What is needed: From the listing below, extract each line containing the string "forall".

== Data excerpts

(* Let $G$ be a matching covered graph and let $\partial(X)$ be a nontrivial tight cut of $G$. If $G$ is cycle-extendable, then both $\partial(X)$-contractions $G/X$ and $G/\overline{X}$ are also cycle-extendable.
   Context: Graphs are loopless; multiple edges allowed. A graph is matching covered if it is connected, has at least two vertices, and every edge lies in some perfect matching; it is cycle-extendable if moreover for every even cycle $C$ the graph $G-V(C)$ has a perfect matching. For $X\subseteq V(G)$, $\partial(X)$ is the set of edges with exactly one end in $X$, and $\overline X = V(G)\setminus X$; $\partial(X)$ is a tight cut if every perfect matching of $G$ contains exactly one edge of $\partial(X)$, and nontrivial if $|X|\ge2$ and $|\overline X|\ge2$. $G/X$ is obtained from $G$ by shrinking $X$ to a single new vertex (deleting edges with both ends in $X$ and keeping all other edges, possibly creating parallel edges); $G/\overline X$ is defined analogously. *)

theory Defs
  imports Main
begin

text \<open>A finite loopless multigraph: vertex set V, edge set E (edges are abstract
  objects, so parallel edges are allowed), and ends e = the set of its two
  distinct end vertices.\<close>

definition multigraph :: "'v set \<Rightarrow> 'e set \<Rightarrow> ('e \<Rightarrow> 'v set) \<Rightarrow> bool" where
  "multigraph V E ends \<longleftrightarrow> finite V \<and> finite E \<and>
     (\<forall>e\<in>E. ends e \<subseteq> V \<and> card (ends e) = 2)"

definition adjacent :: "'v set \<Rightarrow> 'e set \<Rightarrow> ('e \<Rightarrow> 'v set) \<Rightarrow> ('v \<times> 'v) set" where
  "adjacent V E ends = {(u, v). u \<in> V \<and> v \<in> V \<and> (\<exists>e\<in>E. ends e = {u, v})}"

definition connected_graph :: "'v set \<Rightarrow> 'e set \<Rightarrow> ('e \<Rightarrow> 'v set) \<Rightarrow> bool" where
  "connected_graph V E ends \<longleftrightarrow> V \<noteq> {} \<and>
     (\<forall>u\<in>V. \<forall>v\<in>V. (u, v) \<in> (adjacent V E ends)\<^sup>*)"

====

Response:
     (\<forall>e\<in>E. ends e \<subseteq> V \<and> card (ends e) = 2)"
     (\<forall>u\<in>V. \<forall>v\<in>V. (u, v) \<in> (adjacent V E ends)\<^sup>*)"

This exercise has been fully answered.